A somewhat gentle introduction to Kademlia

We describe a peer-to-peer system which has provable consistency and performance in a fault-prone environment. Our system routes queries and locates nodes using a novel XOR-based metric topology that simplifies the algorithm and facilitates our proof. The topology has the property that every message exchanged conveys or reinforces useful contact information. The system exploits this information to send parallel, asynchronous query messages that tolerate node failures without imposing timeout delays on users.

Even the abstract from the Kademlia paper is a lot to digest and I think we can say there's not going to be any hand-holding. Accordingly, this blog will serve as a collection of my thoughts.
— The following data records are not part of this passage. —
(* Let $p\ge 1$, let $F:\mathbb{R}^p\to\mathbb{R}^p$ and $G(\boldsymbol{x}) := F(\boldsymbol{x})-\boldsymbol{x}$. Let $\boldsymbol{x}^\ast\in\mathbb{R}^p$ and let $M\in\mathbb{R}^{p\times p}$ be a fixed non-singular symmetric matrix defining $\|A\|_M := \|MAM\|_F$. Assume: (A1) $G$ is differentiable in an open convex set $D$ containing $\boldsymbol{x}^\ast$, $G(\boldsymbol{x}^\ast)=0$, $dG(\boldsymbol{x}^\ast)$ is non-singular, and for some constants $d>0$ and $K$ we have $\|dG(\boldsymbol{x})-dG(\boldsymbol{x}^\ast)\|\le K\|\boldsymbol{x}-\boldsymbol{x}^\ast\|^d$ for all $\boldsymbol{x}\in D$. (A2) There are a neighborhood $N_1$ of $\boldsymbol{x}^\ast$ with $N_1\subset D\cap S$ on which the update $\bar{\boldsymbol{x}}=\boldsymbol{x}-HG(\boldsymbol{x})$ is well-defined, a neighborhood $N_2$ of $dG(\boldsymbol{x}^\ast)^{-1}$ consisting of non-singular matrices on which the update $H\mapsto\bar H$ is well-defined, and non-negative constants $\alpha_1,\alpha_2$ such that for every $(\boldsymbol{x},H)\in N_1\times N_2$, $$\|\bar H-dG(\boldsymbol{x}^\ast)^{-1}\|_M\le\Big[1+\alpha_1\max\{\|F(\boldsymbol{x})-\boldsymbol{x}^\ast\|^d,\|\boldsymbol{x}-\boldsymbol{x}^\ast\|^d\}\Big]\|H-dG(\boldsymbol{x}^\ast)^{-1}\|_M+\alpha_2\max\{\|F(\boldsymbol{x})-\boldsymbol{x}^\ast\|^d,\|\boldsymbol{x}-\boldsymbol{x}^\ast\|^d\}.$$ Then for each $r\in(0,1)$ there exist positive constants $\epsilon(r)$ and $\delta(r)$ such that whenever $\|\boldsymbol{x}_0-\boldsymbol{x}^\ast\|<\epsilon(r)$ and $\|H_0-dG(\boldsymbol{x}^\ast)^{-1}\|_M<\delta(r)$, the sequence defined by $\boldsymbol{x}_{k+1}=\boldsymbol{x}_k-H_kG(\boldsymbol{x}_k)$, $H_{k+1}=\bar H$ evaluated at $(\boldsymbol{x}_k,H_k)$, is well-defined and converges to $\boldsymbol{x}^\ast$. Furthermore $\|\boldsymbol{x}_{k+1}-\boldsymbol{x}^\ast\|\le r\|\boldsymbol{x}_k-\boldsymbol{x}^\ast\|$ for each $k\ge 0$, and the sequences $\{\|H_k\|\}$ and $\{\|H_k^{-1}\|\}$ are uniformly bounded.
   Context: $F$ is a majorization–minimization (MM) algorithm map and $G(\boldsymbol{x})=F(\boldsymbol{x})-\boldsymbol{x}$ its residual; $dG$ denotes the Jacobian of $G$. $\|\cdot\|$ is a chosen vector norm on $\mathbb{R}^p$ and, for matrices, its induced operator norm; $\|\cdot\|_F$ is the Frobenius norm. Standing assumption: the MM map is locally convergent to $\boldsymbol{x}^\ast$ in a neighborhood $S$ of $\boldsymbol{x}^\ast$ with linear rate $\tau$, i.e. $\|F(\boldsymbol{x})-\boldsymbol{x}^\ast\|\le\tau\|\boldsymbol{x}-\boldsymbol{x}^\ast\|$ for all $\boldsymbol{x}\in S$, with $\tau\in(0,1)$. For a pair $(\boldsymbol{x},H)$ with $\boldsymbol{x}\in\mathbb{R}^p$, $H\in\mathbb{R}^{p\times p}$, define $\boldsymbol{u}=F(\boldsymbol{x})-\boldsymbol{x}$, $\boldsymbol{v}=G(F(\boldsymbol{x}))-G(\boldsymbol{x})$, and the updates $\bar{\boldsymbol{x}}=\boldsymbol{x}-HG(\boldsymbol{x})$ and $\bar H=H-H\frac{\boldsymbol{v}\boldsymbol{v}^T}{\boldsymbol{v}^T\boldsymbol{v}}+\frac{\boldsymbol{u}\boldsymbol{v}^T}{\boldsymbol{v}^T\boldsymbol{v}}$ (defined when $\boldsymbol{v}\neq 0$). *)

theory Defs
  imports "HOL-Analysis.Analysis"
begin

definition is_vnorm :: "(real^'n \<Rightarrow> real) \<Rightarrow> bool" where
  "is_vnorm nv \<longleftrightarrow>
     (\<forall>x. 0 \<le> nv x) \<and> (\<forall>x. nv x = 0 \<longleftrightarrow> x = 0) \<and>
     (\<forall>c x. nv (c *\<^sub>R x) = \<bar>c\<bar> * nv x) \<and>
     (\<forall>x y. nv (x + y) \<le> nv x + nv y)"

definition opnorm :: "(real^'n \<Rightarrow> real) \<Rightarrow> real^'n^'n \<Rightarrow> real" where
  "opnorm nv A = Sup ((\<lambda>x. nv (A *v x)) ` {x. nv x = 1})"

definition frob :: "real^'n^'n \<Rightarrow> real" where
  "frob A = sqrt (\<Sum>i\<in>UNIV. \<Sum>j\<in>UNIV. (A $ i $ j)\<^sup>2)"

definition normM :: "real^'n^'n \<Rightarrow> real^'n^'n \<Rightarrow> real" where
  "normM M A = frob (M ** A ** M)"

definition outer :: "real^'n \<Rightarrow> real^'n \<Rightarrow> real^'n^'n" where
  "outer u v = (\<chi> i j. u $ i * v $ j)"

definition resid :: "(real^'n \<Rightarrow> real^'n) \<Rightarrow> real^'n \<Rightarrow> real^'n" where
  "resid F x = F x - x"
lemma mvaip_reid_move:
  assumes "reid_move D D'"
  shows "mvaip D = mvaip D'"
  using assms unfolding reid_move_def
  by (elim disjE) (metis mvaip_R1_remove mvaip_R2_remove mvaip_R3)+

section \<open>Specialization to Kauffman's polynomial\<close>

lemma sum_crossing_coeff:
  assumes "finite F"
  shows "(\<Sum>m \<in> F. crossing_coeff s M m) = s * ((if M \<in> F then 1 else 0) - (if None \<in> F then 1 else 0))"
  unfolding crossing_coeff_def sum_distrib_left[symmetric] sum_subtractf using assms by simp

lemma specialize_eq_sum:
  assumes "finite F" "\<And>m. m \<notin> F \<Longrightarrow> P m = 0"
  shows "specialize P e = (\<Sum>m \<in> {m \<in> F. mono_exp m = e}. P m)"
  unfolding specialize_def by (rule sum.mono_neutral_left) (use assms in auto)

lemma specialize_mvaip: "specialize (mvaip D) = kauffman_P D start_sum"
proof
  fix e
  let ?F = "{m \<in> insert None (crossing_mono D ` crossings D). mono_exp m = e}"
  have "specialize (mvaip D) e = (\<Sum>m \<in> ?F. mvaip D m)"
    by (rule specialize_eq_sum)
      (auto simp: mvaip_eq_sum crossing_coeff_def finite_crossings intro!: sum.neutral)
  also have "\<dots> = (\<Sum>c \<in> crossings D. \<Sum>m \<in> ?F. crossing_coeff (sg D c) (crossing_mono D c) m)"
    unfolding mvaip_eq_sum by (rule sum.swap)
  also have "\<dots> = kauffman_P D start_sum e"
    unfolding kauffman_P_def
  proof (rule sum.cong[OF refl])
    fix c assume "c \<in> crossings D"
    then have "crossing_mono D c \<in> ?F \<longleftrightarrow> e = kweight D start_sum c" "None \<in> ?F \<longleftrightarrow> e = 0"
      by (auto simp: crossing_mono_def mono_exp_def mono_def cweight_eq_kweight)
    then show "(\<Sum>m \<in> ?F. crossing_coeff (sg D c) (crossing_mono D c) m)
        = sg D c * ((if e = kweight D start_sum c then 1 else 0) - (if e = 0 then 1 else 0))"
      by (simp add: sum_crossing_coeff finite_crossings)
  qed
  finally show "specialize (mvaip D) e = kauffman_P D start_sum e" .
qed
theorem proposition3p3:
  fixes w :: "nat \<Rightarrow> real" and m :: nat
  assumes "\<forall>n. w n > 0" and "bdd_above (range w)" and "m \<ge> 2"
  shows "((weakly_concave (wshift w) \<and> m_isometry m (wshift w)) \<longleftrightarrow>
           (\<exists>p :: real poly. degree p \<le> m - 1 \<and>
              (\<forall>n::nat. poly p (real n) > 0) \<and>
              (\<forall>n::nat. (w n)\<^sup>2 = poly p (real (n + 1)) / poly p (real n)) \<and>
              (\<forall>n::nat. poly p (real n) \<le> poly p (real (n + 1))) \<and>
              (\<forall>n::nat. n \<ge> 1 \<longrightarrow> poly p (real n) * poly p (real (n + 2)) \<le> (poly p (real (n + 1)))\<^sup>2)))
         \<and> (\<forall>p :: real poly. lead_coeff p > 0 \<and>
              (\<forall>z::complex. poly (map_poly complex_of_real p) z = 0 \<longrightarrow> z \<in> \<real> \<and> Re z < 0) \<longrightarrow>
              (\<forall>n::nat. poly p (real n) \<le> poly p (real (n + 1))) \<and>
              (\<forall>n::nat. n \<ge> 1 \<longrightarrow> poly p (real n) * poly p (real (n + 2)) \<le> (poly p (real (n + 1)))\<^sup>2))"
proof -
  obtain B where "\<And>n. w n \<le> B"
    using assms(2) by (auto simp: bdd_above_def)
  with assms(1) interpret positive_bounded_weights w B
    by unfold_locales (simp_all add: abs_of_pos)
  have "0 < m" and degree_iff: "degree p \<le> m - 1 \<longleftrightarrow> degree p < m" for p :: "real poly"
    using assms(3) by auto
  show ?thesis
    unfolding degree_iff weakly_concave_m_isometry_wshift_iff[OF \<open>0 < m\<close>] moment_poly_iff
    using mono_log_concave_poly mono_log_concave_at_nat by auto
qed

end
lemma strict_mono_on_sigmaH:
  assumes "H < 3/2" "0 < n"
  shows "strict_mono_on {..<real n - 1} (sigmaH H n)"
proof (rule strict_mono_onI)
  fix x y assume xy: "x \<in> {..<real n - 1}" "y \<in> {..<real n - 1}" "x < y"
  have "(real n - 1 - y) / (real n - y) < (real n - 1 - x) / (real n - x)"
    using xy by (simp add: field_simps)
  then have "((real n - 1 - y) / (real n - y)) powr (3/2 - H) < ((real n - 1 - x) / (real n - x)) powr (3/2 - H)"
    using xy assms(1) by (intro powr_less_mono2) auto
  then show "sigmaH H n x < sigmaH H n y"
    using assms(2) by (simp add: sigmaH_def)
qed

lemma xn_bounds:
  assumes "1/2 < H" "H < 3/2" "1 < n"
  shows "0 < xn H n" "xn H n < real n - 1"
proof -
  define m where "m = real n - 1"
  define c where "c = (1 + 1/m) powr (2 / (3 - 2*H))"
  have m: "1 \<le> m" using assms(3) by (simp add: m_def)
  have "(1 + 1/m) powr 1 < c"
    unfolding c_def using assms m by (intro powr_less_mono) (auto simp: field_simps)
  then have c: "1 + 1/m < c" using m by simp
  have xn: "xn H n = m - 1 / (c - 1)" by (simp add: xn_def m_def c_def)
  have "0 < 1/m" using m by simp
  with c have c1: "1 < c" by linarith
  have "1 / (c - 1) < m"
    using c c1 m by (simp add: field_simps)
  then show "0 < xn H n" unfolding xn by simp
  show "xn H n < real n - 1" using c1 unfolding xn m_def by simp
qed
lemma integrable_square_bounded:
  fixes C :: real
  assumes [measurable]: "f \<in> borel_measurable S" and "\<And>w. \<bar>f w\<bar> \<le> C"
  shows "integrable S (\<lambda>w. (f w)\<^sup>2)"
proof -
  have "(f w)\<^sup>2 \<le> C\<^sup>2" for w using power_mono[OF assms(2)[of w] abs_ge_zero, of 2] by simp
  then show ?thesis by (intro integrable_const_bound[where B = "C\<^sup>2"] AE_I2) auto
qed

lemma integral_square_martingale_sum_le: "(\<integral>w. (\<Sum>j<n. g j w)\<^sup>2 \<partial>S) \<le> n * B\<^sup>2"
proof (induction n)
  case (Suc n)
  have B0: "0 \<le> B" using g_bound[of 0 undefined] by linarith
  let ?s = "\<lambda>w. \<Sum>j<n. g j w"
  have s_bound: "\<bar>?s w\<bar> \<le> n * B + B" for w
    using abs_martingale_sum_le[where n = n and w = w] B0 by linarith
  have g_bound': "\<bar>g n w\<bar> \<le> n * B + B" for w
    using g_bound[of n w] B0 by (simp add: add_increasing)
  have cross: "(\<integral>w. ?s w * g n w \<partial>S) = 0"
    by (rule integral_mult_centered_eq_0[OF _ _ s_bound g_bound'])
      (auto intro!: sum.cong g_adapted g_centered)
  have "integrable S (\<lambda>w. ?s w * g n w)"
    using s_bound g_bound'
    by (intro integrable_const_bound[where B = "(n * B + B) * (n * B + B)"] AE_I2)
      (auto simp: abs_mult intro!: mult_mono')
  moreover have "integrable S (\<lambda>w. (?s w)\<^sup>2)"
    by (rule integrable_square_bounded[OF _ abs_martingale_sum_le]) measurable
  moreover have "integrable S (\<lambda>w. (g n w)\<^sup>2)"
    by (rule integrable_square_bounded[OF _ g_bound]) measurable
  ultimately have "(\<integral>w. (?s w)\<^sup>2 + 2 * (?s w * g n w) + (g n w)\<^sup>2 \<partial>S)
      = (\<integral>w. (?s w)\<^sup>2 \<partial>S) + 2 * (\<integral>w. ?s w * g n w \<partial>S) + (\<integral>w. (g n w)\<^sup>2 \<partial>S)"
    by simp
  moreover have "(\<lambda>w. (\<Sum>j<Suc n. g j w)\<^sup>2) = (\<lambda>w. (?s w)\<^sup>2 + 2 * (?s w * g n w) + (g n w)\<^sup>2)"
    by (simp add: fun_eq_iff power2_sum algebra_simps)
  ultimately have "(\<integral>w. (\<Sum>j<Suc n. g j w)\<^sup>2 \<partial>S)
      = (\<integral>w. (?s w)\<^sup>2 \<partial>S) + 2 * (\<integral>w. ?s w * g n w \<partial>S) + (\<integral>w. (g n w)\<^sup>2 \<partial>S)"
    by simp
  also have "(\<integral>w. (g n w)\<^sup>2 \<partial>S) \<le> (\<integral>w. B\<^sup>2 \<partial>S)"
    using g_bound \<open>integrable S (\<lambda>w. (g n w)\<^sup>2)\<close>
    by (intro integral_mono) (auto intro: power_mono[OF _ abs_ge_zero, of _ B 2, simplified])
  finally show ?case using Suc cross by (simp add: P.prob_space algebra_simps)
qed simp
lemma hole_nbhd_off_hole:
  assumes v: "v \<notin> set cs" and e: "E v (c i)"
  shows "(\<exists>a. nbhd E v \<inter> set cs = {c a}) \<or> (\<exists>a. nbhd E v \<inter> set cs = {c a, c (a + 2)})"
proof -
  obtain d where d: "d = 2 \<or> d = m - 2 \<or> d = m" "E v (c (i + d))"
    and between: "\<And>k. 0 < k \<Longrightarrow> k < d \<Longrightarrow> \<not> E v (c (i + k))"
    using next_hole_nbr[OF v e] by blast
  consider "d = m" | "d = m - 2" | "d = 2"
    using d(1) by blast
  then show ?thesis
  proof cases
    case 1
    have "E v (c (i + k)) \<longleftrightarrow> k \<in> {0}" if "0 \<le> k" "k < m" for k
      using e between[of k] 1 that by (cases "k = 0") auto
    then have "nbhd E v \<inter> set cs = (\<lambda>k. c (i + k)) ` {0}"
      using length_ge_10 by (intro nbhd_inter_hole_eq) auto
    then show ?thesis
      by auto
  next
    case 2
    then have "i + d = i - 2 + m"
      by simp
    then have "E v (c (i - 2))"
      using d(2) by (simp only: c_add_m)
    then have "nbhd E v \<inter> set cs = {c (i - 2), c (i - 2 + 2)}"
      using hole_nbrs_two_apart[OF v] e by simp
    then show ?thesis
      by blast
  next
    case 3
    then show ?thesis
      using hole_nbrs_two_apart[OF v e] d(2) by auto
  qed
qed

lemma detached_nbr_off_hole:
  assumes uw: "E u w" and detached: "\<And>k. \<not> E w (c k)"
  shows "u \<notin> set cs" "w \<notin> set cs"
proof -
  show "u \<notin> set cs"
    using detached E_sym[OF uw] by (auto simp: in_set_cs_iff)
  show "w \<notin> set cs"
  proof
    assume "w \<in> set cs"
    then obtain k where "w = c k"
      by (auto simp: in_set_cs_iff)
    then show False
      using detached[of "k + 1"] c_adj_close[of k "k + 1"] by simp
  qed
qed

lemma single_attachment_no_detached_nbr:
  assumes single: "nbhd E u \<inter> set cs = {c a}" and uw: "E u w" and detached: "\<And>k. \<not> E w (c k)"
  shows False
proof -
  have "E u (c k) \<longleftrightarrow> c k = c a" for k
    using single c_in_set[of k] unfolding nbhd_def by blast
  moreover have "c k \<noteq> u" "u \<noteq> c k" "c k \<noteq> w" "w \<noteq> c k"
    and "E (c k) u \<longleftrightarrow> E u (c k)" "E (c k) w \<longleftrightarrow> E w (c k)" for k
    using detached_nbr_off_hole[OF uw detached] c_in_set E_sym by blast+
  moreover have "u \<in> V" "w \<in> V" "E u w" "E w u" "u \<noteq> w" "w \<noteq> u"
    using E_in_V[OF uw] E_sym[OF uw] uw E_irrefl by auto
  ultimately have "has_induced V E 7 T2_rel"
    using detached c_in_V
    by (intro has_induced_of_list[of "[c a, c (a + 1), c (a - 1), u, c (a + 2), c (a - 2), w]"])
      (simp_all add: all_less_7 T2_rel_def edges_rel_def c_adj_close c_eq_close E_irrefl)
  then show False
    using abp by (simp add: almost_bipartite_permutation_def)
qed

lemma pair_attachment_no_detached_nbr:
  assumes pair: "nbhd E u \<inter> set cs = {c a, c (a + 2)}" and uw: "E u w" and detached: "\<And>k. \<not> E w (c k)"
  shows False
proof -
  have "E u (c k) \<longleftrightarrow> c k = c a \<or> c k = c (a + 2)" for k
    using pair c_in_set[of k] unfolding nbhd_def by blast
  moreover have "c k \<noteq> u" "u \<noteq> c k" "c k \<noteq> w" "w \<noteq> c k"
    and "E (c k) u \<longleftrightarrow> E u (c k)" "E (c k) w \<longleftrightarrow> E w (c k)" for k
    using detached_nbr_off_hole[OF uw detached] c_in_set E_sym by blast+
  moreover have "u \<in> V" "w \<in> V" "E u w" "E w u" "u \<noteq> w" "w \<noteq> u"
    using E_in_V[OF uw] E_sym[OF uw] uw E_irrefl by auto
  ultimately have "has_induced V E 7 X2_rel"
    using detached c_in_V
    by (intro has_induced_of_list[of "[c a, u, c (a + 2), c (a + 1), c (a - 1), w, c (a + 3)]"])
      (simp_all add: all_less_7 X2_rel_def edges_rel_def c_adj_close c_eq_close E_irrefl)
  then show False
    using abp by (simp add: almost_bipartite_permutation_def)
qed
An overview of the hash table

To begin, we'll go over a few definitions. Firstly, a hash function is a map $h$ such that

h : \{0, 1, ..., u - 1\} \to \{0, 1, ..., m -1\} = K.

for $u < m$ . In words, $h$ reduces a universe $\mathcal{U}$ with $u$ -many keys to $m$ -many buckets.

Next, a collision occurs whenever $h(k_i) = h(k_j)$ for two keys $k_i \neq k_j \in \mathcal{U}$ . A well-behaved hash function avoids collisions. Specifically, the authors of Kademlia propose SHA-1 with a keyspace ( $\mathcal{U}$ in our model) of 160 bits.

Abstractly, a hashmap $H$ supports $\verb|put|(key, val)$ and $\verb|get|(key)$ . The former takes a key $k$ and stores value $v$ in bucket $H[h(k)]$ and the latter returns $H[h(k)]$ .

The upshot of this datastructure is fantastic lookup times (constant on average), but sometimes we need to store large values. Accordingly, we can store parts of the map on separate computers. But who coordinates all the computers? A centralized computer, much like the director of a play, decides which keys of the hashmap go to which computer. But say the director decides to quit the play, we've lost access to the values in our hashmap and this map is not particularly resilient.

What is a distributed hash table anyways?

Enter the distributed hash table. Much like the traditional hashmap, DHT also supports $\verb|put|(key, val)$ and $\verb|get|(key)$ . But it is fault-tolerant because if a computer leaves the network, we can still access the map.

Now, it would be wonderful if we had a protocol that partitions our map to many computers without a director. This is precisely what Kademlia proposes.

In my next blog posts, I'll go over the how and why of Kademlia.